Your answer should repeat every line of the records below in which the word "assoc" appears.

## MATERIAL FOR THE TASK
⟨

lemma exists_functional_small_on_kernel:
  fixes c x :: "'a::real_inner"
  assumes "x \<noteq> 0" and "0 < r"
  obtains w where "w \<bullet> x = 1" "\<And>h. w \<bullet> h = 0 \<Longrightarrow> \<bar>c \<bullet> h\<bar> \<le> r * norm h"
proof -
  define \<epsilon>0 where "\<epsilon>0 = r / norm x"
  have "0 < \<epsilon>0" using assms by (simp add: \<epsilon>0_def)
  have "0 < \<epsilon>0 * (x \<bullet> x)" using \<open>0 < \<epsilon>0\<close> assms(1) by simp
  \<comment> \<open>\<open>w\<close> is a multiple of \<open>c + \<epsilon> x\<close>, so \<open>c \<bullet> h = - \<epsilon> (x \<bullet> h)\<close> on its kernel;
    halving \<open>\<epsilon>0\<close> if necessary keeps the normalising constant \<open>d\<close> nonzero\<close>
  obtain \<epsilon> where \<epsilon>: "0 < \<epsilon>" "\<epsilon> \<le> \<epsilon>0" and "c \<bullet> x + \<epsilon> * (x \<bullet> x) \<noteq> 0"
  proof (cases "c \<bullet> x + \<epsilon>0 * (x \<bullet> x) = 0")
    case True
    have "c \<bullet> x + \<epsilon>0 / 2 * (x \<bullet> x) = - (\<epsilon>0 * (x \<bullet> x)) / 2" using True by simp
    then show ?thesis using \<open>0 < \<epsilon>0 * (x \<bullet> x)\<close> \<open>0 < \<epsilon>0\<close> by (intro that[of "\<epsilon>0 / 2"]) simp_all
  qed (use \<open>0 < \<epsilon>0\<close> in auto)
  define d where "d = c \<bullet> x + \<epsilon> * (x \<bullet> x)"
  have "d \<noteq> 0" using \<open>c \<bullet> x + \<epsilon> * (x \<bullet> x) \<noteq> 0\<close> by (simp add: d_def)
  show ?thesis
  proof (rule that[of "(1 / d) *\<^sub>R (c + \<epsilon> *\<^sub>R x)"])
    show "(1 / d) *\<^sub>R (c + \<epsilon> *\<^sub>R x) \<bullet> x = 1"
      using \<open>d \<noteq> 0\<close> by (simp add: inner_add_left d_def)
    fix h assume "(1 / d) *\<^sub>R (c + \<epsilon> *\<^sub>R x) \<bullet> h = 0"
    then have "(c + \<epsilon> *\<^sub>R x) \<bullet> h = 0" using \<open>d \<noteq> 0\<close> by simp
    then have "c \<bullet> h = - \<epsilon> * (x \<bullet> h)" by (simp add: inner_add_left eq_neg_iff_add_eq_0)
    then have "\<bar>c \<bullet> h\<bar> \<le> \<epsilon> * (norm x * norm h)"
      using \<epsilon> Cauchy_Schwarz_ineq2[of x h] by (simp add: abs_mult mult_left_mono)
    also have "\<dots> \<le> \<epsilon>0 * norm x * norm h"
      using \<epsilon> by (simp add: mult_right_mono mult.assoc)
    also have "\<dots> = r * norm h" using assms(1) by (simp add: \<epsilon>0_def)
    finally show "\<bar>c \<bullet> h\<bar> \<le> r * norm h" .
  qed
qed

definition top_block :: "real^('k::finite + 'n::finite) \<Rightarrow> real^'k" where
  "top_block v = (\<chi> i. v $ Inl i)"

lemma stackI_mult_vec:
  "stackI Z *v u = (\<chi> r. case r of Inl i \<Rightarrow> u $ i | Inr j \<Rightarrow> (Z *v u) $ j)"
proof -
  have "(stackI Z *v u) $ r = (case r of Inl i \<Rightarrow> u $ i | Inr j \<Rightarrow> (Z *v u) $ j)" for r
  proof (cases r)
    case (Inl i)
    have "(stackI Z *v u) $ r = (mat 1 *v u) $ i"
      by (simp add: Inl matrix_vector_mult_def stackI_def)
    then show ?thesis by (simp add: Inl)
  qed (simp add: matrix_vector_mult_def stackI_def)
  then show ?thesis by (simp add: vec_eq_iff)
qed

lemma stackI_rank_one_update:
  "stackI (\<chi> j. \<chi> i. Z $ j $ i + y $ j * w $ i) *v u
     = stackI Z *v u + (w \<bullet> u) *\<^sub>R (\<chi> r. case r of Inl _ \<Rightarrow> 0 | Inr j \<Rightarrow> y $ j)"
proof -
  have "((\<chi> j. \<chi> i. Z $ j $ i + y $ j * w $ i) *v u) $ j = (Z *v u) $ j + y $ j * (w \<bullet> u)" for j
    by (simp add: matrix_vector_mult_def inner_vec_def distrib_right sum.distrib
        sum_distrib_left mult.assoc)
  then show ?thesis by (simp add: vec_eq_iff stackI_mult_vec split: sum.split)
qed

lemma exists_pd_quadform_through:
  fixes N :: "real^('k::finite + 'n::finite)^('k + 'n)" and Zb :: "real^'k^'n"
  assumes sym_N: "symmetric_mat N" and pd_Zb: "pd (quadform N Zb)"
    and pos: "0 < qform N v" and top: "top_block v \<noteq> 0"
  obtains Z :: "real^'k^'n" where "pd (quadform N Z)" "stackI Z *v top_block v = v"
proof -
  define x P where "x = top_block v" and "P = stackI Zb"
  define y where "y = (\<chi> j. v $ Inr j) - Zb *v x"
  define e :: "real^('k + 'n)" where "e = (\<chi> r. case r of Inl _ \<Rightarrow> 0 | Inr j \<Rightarrow> y $ j)"
  have v_eq: "P *v x + e = v"
    by (simp add: vec_eq_iff P_def stackI_mult_vec e_def y_def x_def top_block_def split: sum.split)
  obtain l where "0 < l" and coercive: "\<And>h. l * (norm h)\<^sup>2 \<le> qform N (P *v h)"
    using pd_imp_coercive[OF pd_Zb] by (metis qform_quadform P_def)
  define a r where "a = qform N v" and "r = sqrt (a * l / 2)"
  have "0 < a * l" using pos \<open>0 < l\<close> by (simp add: a_def)
  then have "0 < r" "r\<^sup>2 = a * l / 2" by (simp_all add: r_def)
  then have "r\<^sup>2 < a * l" using \<open>0 < a * l\<close> by linarith
  define c where "c = transpose P *v (N *v v)"
  have c: "c \<bullet> h = (P *v h) \<bullet> (N *v v)" for h
    by (metis c_def dot_lmul_matrix inner_commute vector_transpose_matrix)
  obtain w where wx: "w \<bullet> x = 1" and small: "\<And>h. w \<bullet> h = 0 \<Longrightarrow> \<bar>c \<bullet> h\<bar> \<le> r * norm h"
    using exists_functional_small_on_kernel[of x r c] top \<open>0 < r\<close> x_def by blast
  define Z :: "real^'k^'n" where "Z = (\<chi> j. \<chi> i. Zb $ j $ i + y $ j * w $ i)"
  have Z: "stackI Z *v u = P *v u + (w \<bullet> u) *\<^sub>R e" for u
    unfolding Z_def P_def e_def by (rule stackI_rank_one_update)
  have "0 < u \<bullet> (quadform N Z *v u)" if "u \<noteq> 0" for u
  proof -
    define s h where "s = w \<bullet> u" and "h = u - s *\<^sub>R x"
    have "w \<bullet> h = 0" by (simp add: h_def s_def inner_diff_right wx)
    have "stackI Z *v u = P *v h + s *\<^sub>R v"
      by (simp add: Z h_def s_def matrix_vector_mult_diff_distrib algebra_simps v_eq[symmetric])
    then have "u \<bullet> (quadform N Z *v u) = qform N (P *v h) + 2 * s * (c \<bullet> h) + s\<^sup>2 * a"
      by (simp add: qform_quadform qform_add_scaleR[OF sym_N] c a_def)
    also have "0 < \<dots>"
    proof (rule binary_quadratic_pos)
      show "0 < l" "r\<^sup>2 < a * l" by fact+
      show "\<bar>c \<bullet> h\<bar> \<le> r * norm h" using \<open>w \<bullet> h = 0\<close> by (rule small)
      show "l * (norm h)\<^sup>2 \<le> qform N (P *v h)" by (rule coercive)
      show "s \<noteq> 0 \<or> 0 < norm h" using \<open>u \<noteq> 0\<close> by (auto simp: h_def)
    qed
    finally show ?thesis .
  qed
  then have "pd (quadform N Z)"
    unfolding pd_def quadform_def using symmetric_mat_congruence[OF sym_N] by blast
  moreover have "stackI Z *v x = v" using Z[of x] wx v_eq by simp
  ultimately show ?thesis unfolding x_def by (rule that)
qed

lemma qform_nonneg_of_pd_imp_psd:
  fixes M N :: "real^('k::finite + 'n::finite)^('k + 'n)"
  assumes sym_N: "symmetric_mat N" and pd_Zb: "pd (quadform N (Zb :: real^'k^'n))"
    and pd_imp_psd_M: "\<And>Z :: real^'k^'n. pd (quadform N Z) \<Longrightarrow> psd (quadform M Z)"
    and pos: "0 < qform N v"
  shows "0 \<le> qform M v"
proof -
  have top_nonzero_case: "0 \<le> qform M u" if u: "0 < qform N u" "top_block u \<noteq> 0" for u
  proof -
    obtain Z :: "real^'k^'n" where "pd (quadform N Z)" "stackI Z *v top_block u = u"
      using exists_pd_quadform_through[OF sym_N pd_Zb u] .
    then show ?thesis using pd_imp_psd_M by (metis psd_def qform_quadform)
  qed
  show ?thesis
  proof (cases "top_block v = 0")
    case True
    define f :: "real^('k + 'n)" where "f = axis (Inl undefined) 1"
    have top_nonzero: "top_block (v + t *\<^sub>R f) \<noteq> 0" if "0 < t" for t
    proof -
      have "top_block (v + t *\<^sub>R f) $ undefined = t"
        using True that by (simp add: top_block_def f_def vec_eq_iff)
      then show ?thesis using that by auto
    qed
    have "\<forall>\<^sub>F t in at_right 0. 0 \<le> qform M (v + t *\<^sub>R f)"
      using eventually_qform_pos[OF pos, of f] eventually_at_right_less
      by eventually_elim (use top_nonzero top_nonzero_case in blast)
    then show ?thesis by (rule qform_nonneg_if_eventually_nonneg)
  qed (use pos top_nonzero_case in blast)
qed

lemma psd_quadform_if_psd_combination:
  assumes sym_M: "symmetric_mat M" and "0 \<le> \<alpha>" and "psd (M - \<alpha> *\<^sub>R N)"
    and "psd (quadform N Z)"
  shows "psd (quadform M Z)"
proof -
  have "0 \<le> qform M (stackI Z *v x)" for x
  proof -
    have "0 \<le> qform (M - \<alpha> *\<^sub>R N) (stackI Z *v x)"
      using assms(3) by (simp add: psd_iff_qform)
    moreover have "0 \<le> qform N (stackI Z *v x)"
      using assms(4) by (simp add: psd_def qform_quadform[symmetric])
    ultimately show ?thesis using \<open>0 \<le> \<alpha>\<close>
      by (simp add: qform_diff_scaleR) (meson add_nonneg_nonneg diff_ge_0_iff_ge mult_nonneg_nonneg order.trans)
  qed
  then show ?thesis
    using symmetric_mat_congruence[OF sym_M]
    by (simp add: psd_def quadform_def qform_congruence)
qed

theorem theorem4:
  fixes M N :: "real^('k::finite + 'n::finite)^('k + 'n)"
  assumes "symmetric_mat M" and "symmetric_mat N"
    and "\<exists>Zb :: real^'k^'n. pd (quadform N Zb)"
  shows "((\<forall>Z :: real^'k^'n. psd (quadform N Z) \<longrightarrow> psd (quadform M Z))
          \<longleftrightarrow> (\<forall>Z :: real^'k^'n. pd (quadform N Z) \<longrightarrow> psd (quadform M Z)))
       \<and> ((\<forall>Z :: real^'k^'n. pd (quadform N Z) \<longrightarrow> psd (quadform M Z))
          \<longleftrightarrow> (\<exists>\<alpha>::real. \<alpha> \<ge> 0 \<and> psd (M - \<alpha> *\<^sub>R N)))"
proof -
  note sym_M = assms(1) and sym_N = assms(2)
  obtain Zb :: "real^'k^'n" where pd_Zb: "pd (quadform N Zb)" using assms(3) by blast
  have "0 < qform N (stackI Zb *v axis undefined 1)"
    using pd_Zb by (simp add: pd_def axis_eq_0_iff qform_quadform[symmetric])
  then have "\<exists>\<alpha>\<ge>0. psd (M - \<alpha> *\<^sub>R N)"
    if II: "\<forall>Z :: real^'k^'n. pd (quadform N Z) \<longrightarrow> psd (quadform M Z)"
    using S_lemma[OF sym_M sym_N qform_nonneg_of_pd_imp_psd[OF sym_N pd_Zb]] II by blast
  moreover have "psd (quadform M Z)"
    if "\<exists>\<alpha>\<ge>0. psd (M - \<alpha> *\<^sub>R N)" and "psd (quadform N Z)" for Z :: "real^'k^'n"
    using that psd_quadform_if_psd_combination[OF sym_M] by blast
  ultimately show ?thesis using pd_imp_psd by blast
qed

⟩

## SOLUTION TO THE PROBLEM
      using \<epsilon> by (simp add: mult_right_mono mult.assoc)
        sum_distrib_left mult.assoc)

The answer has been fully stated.